Para nakes memiliki cerita tersendiri dalam menangani pasien Covid‑19 yang jumlahnya melonjak dalam beberapa waktu terakhir.
Heri Murianto, misalnya, seorang nakes di Puskesmas Pangkalbalam, yang menceritakan pengalamannya saat harus melakukan pengetesan dini (testing), pelacakan (tracing) hingga melakukan pemantauan terhadap pasien yang sedang menjalani isolasi mandiri.
Pria berusia 43 tahun ini mengaku, selama menjadi anggota tim surveilans di Puskesmas Pangkalbalam, banyak hal yang ia alami, mulai dari rasa takut akan terpapar hingga masih banyak pasien yang tidak jujur dan kooperatif saat berobat, seolah-olah tidak peduli dengan risiko yang bisa saja terjadi.
Padahal dengan kejujuran, kata Heri, penanganan selanjutnya dapat segera dilakukan oleh petugas kesehatan. "Saat ini seiring perkembangan berita di media sosial banyak pasien yang tidak jujur saat isoman (isolasi mandiri).

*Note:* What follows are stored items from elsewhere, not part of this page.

(* Let $i=\sqrt{-1}$, let $\alpha>0$, and let $\lambda\in\mathbb C$ satisfy $\Im\lambda\notin\{\alpha,-\alpha\}$. Define $u_0=\alpha i+\lambda$, $w_0=\alpha i-\lambda$, and for $h=0,1,\dots$ $$u_{h+1}=\tfrac12\left(u_h-1/u_h\right),\qquad w_{h+1}=\tfrac12\left(w_h-1/w_h\right).$$ Then all $u_h,w_h$ are well defined and nonzero, and $$\lim_{h\to\infty}(u_h+w_h)=\begin{cases}2i,& |\Im\lambda|<\alpha,\\ 0,& |\Im\lambda|>\alpha.\end{cases}$$ *)

theory Defs
  imports Complex_Main
begin

end

theory Submission
  imports Defs
begin

text \<open>The map \<open>z \<mapsto> (z - 1/z)/2\<close> is Newton's method for \<open>z\<^sup>2 + 1 = 0\<close>. It preserves each
  open half plane \<open>\<plusminus>Im z > 0\<close>, and the Cayley transform \<open>(z - \<i>)/(z + \<i>)\<close> conjugates it on the
  upper half plane to squaring on the unit disc, so every orbit starting with \<open>Im z > 0\<close> converges
  to \<open>\<i>\<close>; by complex conjugation orbits starting with \<open>Im z < 0\<close> converge to \<open>-\<i>\<close>. Hence \<open>u\<^sub>h\<close>
  and \<open>w\<^sub>h\<close> converge to \<open>\<i>\<close> times the signs of \<open>\<alpha> + Im \<lambda>\<close> and \<open>\<alpha> - Im \<lambda>\<close>, which agree exactly
  when \<open>\<bar>Im \<lambda>\<bar> < \<alpha>\<close>.\<close>

definition newton_sqrt_minus_one :: "complex \<Rightarrow> complex" where
  "newton_sqrt_minus_one z = (z - 1 / z) / 2"

definition cayley :: "complex \<Rightarrow> complex" where
  "cayley z = (z - \<i>) / (z + \<i>)"

lemma Im_newton_sqrt_minus_one_pos:
  assumes "Im z > 0"
  shows "Im (newton_sqrt_minus_one z) > 0"
proof -
  have "(Re z)\<^sup>2 + (Im z)\<^sup>2 > 0"
    using assms by (simp add: add_nonneg_pos)
  hence "Im (1 / z) < 0"
    using assms by (simp add: Im_divide)
  thus ?thesis
    using assms by (simp add: newton_sqrt_minus_one_def)
qed

lemma newton_sqrt_minus_one_cnj:
  "newton_sqrt_minus_one (cnj z) = cnj (newton_sqrt_minus_one z)"
  by (simp add: newton_sqrt_minus_one_def)

lemma plus_i_nonzero_if_Im_pos:
  assumes "Im z > 0"
  shows "z + \<i> \<noteq> 0"
  using assms by (auto simp: complex_eq_iff)

lemma cayley_newton_sqrt_minus_one:
  assumes "z \<noteq> 0"
  shows "cayley (newton_sqrt_minus_one z) = (cayley z)\<^sup>2"
proof -
  have minus: "newton_sqrt_minus_one z - \<i> = (z - \<i>)\<^sup>2 / (2 * z)"
    and plus: "newton_sqrt_minus_one z + \<i> = (z + \<i>)\<^sup>2 / (2 * z)"
    using assms by (simp_all add: newton_sqrt_minus_one_def field_simps power2_eq_square)
  show ?thesis
    unfolding cayley_def minus plus using assms by (simp add: power_divide)
qed

lemma norm_cayley_less_one:
  assumes "Im z > 0"
  shows "norm (cayley z) < 1"
proof -
  have "(cmod (z - \<i>))\<^sup>2 < (cmod (z + \<i>))\<^sup>2"
    using assms unfolding cmod_power2 by (simp add: power2_eq_square algebra_simps)
  hence "cmod (z - \<i>) < cmod (z + \<i>)"
    using power2_less_imp_less by fastforce
  thus ?thesis
    using plus_i_nonzero_if_Im_pos[OF assms] by (simp add: cayley_def norm_divide divide_less_eq)
qed

lemma cayley_inverse:
  assumes "z + \<i> \<noteq> 0"
  shows "z = \<i> * (1 + cayley z) / (1 - cayley z)"
proof -
  have "1 - cayley z = 2 * \<i> / (z + \<i>)" and "1 + cayley z = 2 * z / (z + \<i>)"
    using assms by (simp_all add: cayley_def field_simps)
  thus ?thesis
    using assms by simp
qed

lemma newton_orbit_Im_pos:
  assumes step: "\<And>h. z (Suc h) = newton_sqrt_minus_one (z h)" and pos: "Im (z 0) > 0"
  shows "Im (z n) > 0"
  by (induction n) (simp_all add: pos step Im_newton_sqrt_minus_one_pos)

lemma newton_orbit_tendsto_i:
  assumes step: "\<And>h. z (Suc h) = newton_sqrt_minus_one (z h)" and pos: "Im (z 0) > 0"
  shows "z \<longlonglongrightarrow> \<i>"
proof -
  have Im_pos: "Im (z n) > 0" for n
    using newton_orbit_Im_pos[OF step pos] .
  have cayley_orbit: "cayley (z n) = cayley (z 0) ^ (2 ^ n)" for n
  proof (induction n)
    case (Suc n)
    have "z n \<noteq> 0"
      using Im_pos[of n] by auto
    hence "cayley (z (Suc n)) = (cayley (z n))\<^sup>2"
      by (simp add: step cayley_newton_sqrt_minus_one)
    also have "\<dots> = cayley (z 0) ^ (2 ^ Suc n)"
      by (simp add: Suc.IH power_mult[symmetric] mult.commute)
    finally show ?case .
  qed simp
  have "(\<lambda>n. cayley (z 0) ^ n) \<longlonglongrightarrow> 0"
    using norm_cayley_less_one[OF pos] by (rule LIMSEQ_power_zero)
  from LIMSEQ_subseq_LIMSEQ[OF this, of "\<lambda>n. 2 ^ n"]
  have "(\<lambda>n. cayley (z n)) \<longlonglongrightarrow> 0"
    by (simp add: strict_mono_def o_def flip: cayley_orbit)
  hence "(\<lambda>n. \<i> * (1 + cayley (z n)) / (1 - cayley (z n))) \<longlonglongrightarrow> \<i> * (1 + 0) / (1 - 0)"
    by (intro tendsto_intros) simp_all
  moreover have "(\<lambda>n. \<i> * (1 + cayley (z n)) / (1 - cayley (z n))) = z"
    by (intro ext cayley_inverse[symmetric] plus_i_nonzero_if_Im_pos Im_pos)
  ultimately show ?thesis
    by simp
qed

lemma newton_orbit_nonzero_tendsto_sgn_Im:
  assumes step: "\<And>h. z (Suc h) = newton_sqrt_minus_one (z h)" and Im_nz: "Im (z 0) \<noteq> 0"
  shows "(\<forall>n. z n \<noteq> 0) \<and> z \<longlonglongrightarrow> of_real (sgn (Im (z 0))) * \<i>"
proof (cases "Im (z 0) > 0")
  case True
  have "z n \<noteq> 0" for n
    using newton_orbit_Im_pos[OF step True, of n] by auto
  with newton_orbit_tendsto_i[OF step True] True show ?thesis
    by simp
next
  case False
  with Im_nz have neg: "Im (cnj (z 0)) > 0"
    by simp
  have cnj_step: "cnj (z (Suc h)) = newton_sqrt_minus_one (cnj (z h))" for h
    by (simp add: step newton_sqrt_minus_one_cnj)
  have "z n \<noteq> 0" for n
    using newton_orbit_Im_pos[OF cnj_step neg, of n] by auto
  moreover have "z \<longlonglongrightarrow> - \<i>"
    using tendsto_cnj[OF newton_orbit_tendsto_i[OF cnj_step neg]] by simp
  ultimately show ?thesis
    using False Im_nz by simp
qed

theorem mainTheorem5:
  fixes \<alpha> :: real and l :: complex and u w :: "nat \<Rightarrow> complex"
  assumes alpha_pos: "\<alpha> > 0"
    and Im_ne: "Im l \<noteq> \<alpha>" "Im l \<noteq> - \<alpha>"
    and u0: "u 0 = complex_of_real \<alpha> * \<i> + l"
    and w0: "w 0 = complex_of_real \<alpha> * \<i> - l"
    and u_step: "\<And>h. u (Suc h) = (u h - 1 / u h) / 2"
    and w_step: "\<And>h. w (Suc h) = (w h - 1 / w h) / 2"
  shows "(\<forall>h. u h \<noteq> 0 \<and> w h \<noteq> 0)
    \<and> (\<bar>Im l\<bar> < \<alpha> \<longrightarrow> (\<lambda>h. u h + w h) \<longlonglongrightarrow> 2 * \<i>)
    \<and> (\<bar>Im l\<bar> > \<alpha> \<longrightarrow> (\<lambda>h. u h + w h) \<longlonglongrightarrow> 0)"
proof -
  have "Im (u 0) = \<alpha> + Im l" "Im (w 0) = \<alpha> - Im l"
    using u0 w0 by simp_all
  with Im_ne have "Im (u 0) \<noteq> 0" "Im (w 0) \<noteq> 0"
    by auto
  with u_step w_step
  have u: "(\<forall>n. u n \<noteq> 0) \<and> u \<longlonglongrightarrow> of_real (sgn (\<alpha> + Im l)) * \<i>"
    and w: "(\<forall>n. w n \<noteq> 0) \<and> w \<longlonglongrightarrow> of_real (sgn (\<alpha> - Im l)) * \<i>"
    using newton_orbit_nonzero_tendsto_sgn_Im[of u] newton_orbit_nonzero_tendsto_sgn_Im[of w] u0 w0
    by (simp_all add: newton_sqrt_minus_one_def)
  hence sum: "(\<lambda>h. u h + w h) \<longlonglongrightarrow> of_real (sgn (\<alpha> + Im l) + sgn (\<alpha> - Im l)) * \<i>"
    by (simp add: tendsto_add distrib_right)
  have "\<bar>Im l\<bar> < \<alpha> \<Longrightarrow> sgn (\<alpha> + Im l) + sgn (\<alpha> - Im l) = 2"
    and "\<bar>Im l\<bar> > \<alpha> \<Longrightarrow> sgn (\<alpha> + Im l) + sgn (\<alpha> - Im l) = 0"
    using alpha_pos by (auto simp: sgn_if)
  with u w sum show ?thesis
    by (auto simp del: of_real_add)
qed

end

Padahal kalau kooperatif itu memudahkan kita untuk tracing dan memutus mata rantai penyebarannya," kata dia kepada Bangka Pos, kemarin.
Suka dan duka menemani para tenaga medis selama berjuang melawan pandemi ini. Namun, hal yang paling disyukuri Heri adalah kesempatan untuk dapat menolong orang lain dan memberikan pelayanan sesuai sumpah profesi.
Menurutnya, kekompakan dan saling membantu menjadi keharuan di tengah kecemasan dan ketidakpastian ini. Lelah mungkin itu hal yang manusiawi. Tetapi, demi menjalankan tugas dan kewajiban, hal tersebut tak lagi Heri hiraukan.
Tidak jarang dia sampai rela mengorbankan jatah liburnya demi memberikan penanganan terbaik kepada para pasien. Tentu, keterbatasan waktu untuk berkumpul bersama keluarga menjadi duka yang dirasakan oleh para tenaga medis.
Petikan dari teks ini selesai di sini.